Tras el Real Decreto 984/2021 la evaluación en bachillerato (y las culturas docentes asociadas a ella) se mantendrá, por tanto, fiel al viejo paradigma binario que era dominante en los lejanos tiempos en que Kuhn publicó su famoso libro. Pero los destinatarios inmediatos de lo previsto para el bachillerato en ese Real Decreto son los alumnos y alumnas que en el 2050 serán profesionales en ejercicio y alcanzarán la jubilación en el último tercio del siglo XXI. Los desafíos que ellos vivirán tendrán muy poco que ver con la disciplina de las disciplinas y con la ideología asignaturesca.

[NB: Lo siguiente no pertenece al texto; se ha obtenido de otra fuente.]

lemma DERIV_le_imp_diff_le_within:
  fixes f :: "real \<Rightarrow> real"
  assumes "a \<le> b" "{a..b} \<subseteq> S"
    and deriv: "\<And>s. s \<in> {a..b} \<Longrightarrow> (f has_real_derivative f' s) (at s within S)"
    and bound: "\<And>s. s \<in> {a..b} \<Longrightarrow> f' s \<le> B"
  shows "f b - f a \<le> B * (b - a)"
proof -
  let ?g = "\<lambda>s. f s - B * s"
  have g_deriv: "(?g has_real_derivative f' s - B) (at s within S)" if "s \<in> {a..b}" for s
    using deriv[OF that] by (auto intro!: derivative_eq_intros)
  have "?g b \<le> ?g a"
  proof (rule DERIV_nonpos_imp_decreasing_open[OF \<open>a \<le> b\<close>])
    fix s assume s: "a < s" "s < b"
    then have "s \<in> interior S"
      using interior_mono[OF \<open>{a..b} \<subseteq> S\<close>] by auto
    then have "at s within S = at s"
      by (rule at_within_interior)
    then show "\<exists>y. DERIV ?g s :> y \<and> y \<le> 0"
      using g_deriv[of s] bound[of s] s by auto
  next
    have "continuous (at s within {a..b}) ?g" if "s \<in> {a..b}" for s
      using DERIV_continuous[OF g_deriv[OF that]] assms(2) by (rule continuous_within_subset)
    then show "continuous_on {a..b} ?g"
      by (simp add: continuous_on_eq_continuous_within)
  qed
  then show ?thesis
    by (simp add: algebra_simps)
qed

lemma has_vector_derivative_bound_imp_norm_diff_le:
  fixes g :: "real \<Rightarrow> 'a::real_normed_vector"
  assumes "a \<le> b" "{a..b} \<subseteq> S"
    and deriv: "\<And>s. s \<in> {a..b} \<Longrightarrow> (g has_vector_derivative g' s) (at s within S)"
    and bound: "\<And>s. s \<in> {a..b} \<Longrightarrow> norm (g' s) \<le> B"
  shows "norm (g b - g a) \<le> B * (b - a)"
proof -
  have "norm (g b - g a) \<le> B * norm (b - a)"
  proof (rule differentiable_bound[where f' = "\<lambda>s h. h *\<^sub>R g' s"])
    fix s assume s: "s \<in> {a..b}"
    show "(g has_derivative (\<lambda>h. h *\<^sub>R g' s)) (at s within {a..b})"
      using has_vector_derivative_within_subset[OF deriv[OF s] assms(2)]
      unfolding has_vector_derivative_def .
    show "onorm (\<lambda>h. h *\<^sub>R g' s) \<le> B"
      using bound[OF s] by (simp add: onorm_scaleR_left[OF bounded_linear_ident] onorm_id)
  qed (use assms in auto)
  then show ?thesis
    using \<open>a \<le> b\<close> by simp
qed

lemma Lipschitz_dissipation_drop:
  fixes E D :: "real \<Rightarrow> real" and w :: "real \<Rightarrow> 'a::real_normed_vector"
  assumes deriv: "\<And>s. 0 \<le> s \<Longrightarrow> (E has_real_derivative D s) (at s within {0..})"
    and dissipation: "\<And>s. 0 \<le> s \<Longrightarrow> D s \<le> - c * (norm (w s))\<^sup>2" and "0 \<le> c"
    and Lipschitz: "\<And>s. t \<le> s \<Longrightarrow> norm (w s - w t) \<le> K * (s - t)"
    and "0 \<le> t" "0 \<le> \<delta>" "0 \<le> K" "0 \<le> r" "r + K * \<delta> \<le> norm (w t)"
  shows "E (t + \<delta>) \<le> E t - c * r\<^sup>2 * \<delta>"
proof -
  have "E (t + \<delta>) - E t \<le> - (c * r\<^sup>2) * ((t + \<delta>) - t)"
  proof (rule DERIV_le_imp_diff_le_within[where S = "{0..}"])
    fix s assume s: "s \<in> {t..t + \<delta>}"
    then show "(E has_real_derivative D s) (at s within {0..})"
      using \<open>0 \<le> t\<close> by (intro deriv) auto
    have "norm (w s - w t) \<le> K * \<delta>"
      using Lipschitz[of s] mult_left_mono[of "s - t" \<delta> K] s \<open>0 \<le> K\<close> by auto
    then have "r \<le> norm (w s)"
      using norm_triangle_ineq2[of "w t" "w s"] \<open>r + K * \<delta> \<le> norm (w t)\<close>
      by (simp add: norm_minus_commute)
    then have "c * r\<^sup>2 \<le> c * (norm (w s))\<^sup>2"
      using \<open>0 \<le> r\<close> \<open>0 \<le> c\<close> by (intro mult_left_mono power_mono) auto
    then show "D s \<le> - (c * r\<^sup>2)"
      using dissipation[of s] s \<open>0 \<le> t\<close> by simp
  qed (use assms in auto)
  then show ?thesis
    by (simp add: algebra_simps)
qed

(* Barbalat-type argument: once E is within c (eps/2)^2 delta of its infimum, |w| can no longer
   reach eps, since by the Lipschitz bound it would stay >= eps/2 for a time delta and
   Lipschitz_dissipation_drop would push E below its infimum. *)
lemma Lipschitz_dissipated_tendsto_0:
  fixes E D :: "real \<Rightarrow> real" and w :: "real \<Rightarrow> 'a::real_normed_vector"
  assumes deriv: "\<And>t. 0 \<le> t \<Longrightarrow> (E has_real_derivative D t) (at t within {0..})"
    and dissipation: "\<And>t. 0 \<le> t \<Longrightarrow> D t \<le> - c * (norm (w t))\<^sup>2" and "0 < c"
    and bounded: "\<And>t. 0 \<le> t \<Longrightarrow> L \<le> E t"
    and Lipschitz: "\<And>s t. 0 \<le> s \<Longrightarrow> s \<le> t \<Longrightarrow> norm (w t - w s) \<le> K * (t - s)"
  shows "(w \<longlongrightarrow> 0) at_top"
proof (rule tendstoI)
  fix \<epsilon> :: real assume "0 < \<epsilon>"
  have "0 \<le> K"
    using Lipschitz[of 0 1] norm_ge_zero[of "w 1 - w 0"] by (simp del: norm_ge_zero)
  have "D t \<le> 0" if "0 \<le> t" for t
  proof -
    have "0 \<le> c * (norm (w t))\<^sup>2"
      using \<open>0 < c\<close> by simp
    then show ?thesis
      using dissipation[OF that] by linarith
  qed
  then have decreasing: "E t \<le> E s" if "0 \<le> s" "s \<le> t" for s t
    using DERIV_le_imp_diff_le_within[of s t "{0..}" E D 0] deriv that by auto
  define I where "I = Inf (E ` {0..})"
  have "bdd_below (E ` {0..})"
    using bounded by (intro bdd_belowI2[of _ L]) auto
  then have I: "I \<le> E t" if "0 \<le> t" for t
    unfolding I_def using that by (auto intro: cInf_lower)
  define \<delta> where "\<delta> = \<epsilon> / (2 * K + 1)"
  have "0 < \<delta>" "\<epsilon> / 2 + K * \<delta> \<le> \<epsilon>"
    using \<open>0 \<le> K\<close> \<open>0 < \<epsilon>\<close> by (auto simp: \<delta>_def field_simps)
  have "0 < c * (\<epsilon> / 2)\<^sup>2 * \<delta>"
    using \<open>0 < c\<close> \<open>0 < \<epsilon>\<close> \<open>0 < \<delta>\<close> by simp
  then obtain T where "0 \<le> T" "E T < I + c * (\<epsilon> / 2)\<^sup>2 * \<delta>"
    using cInf_lessD[of "E ` {0..}" "I + c * (\<epsilon> / 2)\<^sup>2 * \<delta>"] unfolding I_def by auto
  have "norm (w t) < \<epsilon>" if "T \<le> t" for t
  proof (rule ccontr)
    assume "\<not> norm (w t) < \<epsilon>"
    then have "E (t + \<delta>) \<le> E t - c * (\<epsilon> / 2)\<^sup>2 * \<delta>"
      using deriv dissipation Lipschitz \<open>0 \<le> T\<close> \<open>T \<le> t\<close> \<open>0 < \<delta>\<close> \<open>0 \<le> K\<close> \<open>0 < \<epsilon>\<close> \<open>0 < c\<close>
        \<open>\<epsilon> / 2 + K * \<delta> \<le> \<epsilon>\<close>
      by (intro Lipschitz_dissipation_drop[where D = D and w = w and K = K]) auto
    moreover have "E t \<le> E T" "I \<le> E (t + \<delta>)"
      using decreasing I \<open>0 \<le> T\<close> \<open>T \<le> t\<close> \<open>0 < \<delta>\<close> by auto
    ultimately show False
      using \<open>E T < I + c * (\<epsilon> / 2)\<^sup>2 * \<delta>\<close> by linarith
  qed
  then show "\<forall>\<^sub>F t in at_top. dist (w t) 0 < \<epsilon>"
    unfolding eventually_at_top_linorder by auto
qed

Los retos de su tiempo serán seguramente los de la habitabilidad del planeta y los de la justicia y la igualdad en un mundo hipertecnificado. Y también los del advenimiento de la superinteligencia, de las eventuales hibridaciones entre cerebros y redes digitales y las consecuencias que todo ello podría llegar a tener en la propia definición de la condición humana. Por eso produce pavor pensar que, en la regulación normativa sobre evaluación en nuestro sistema educativo, mantendrá tanto poder el paradigma binario y asignaturesco, el de las culturas docentes más retrógradas, el de la naturalización de los exámenes. Un paradigma rancio que perpetuará procedimientos de evaluación y acreditación que resultan tan arcaicos como seguir hablando de epiciclos y deferentes en los tiempos de la materia oscura.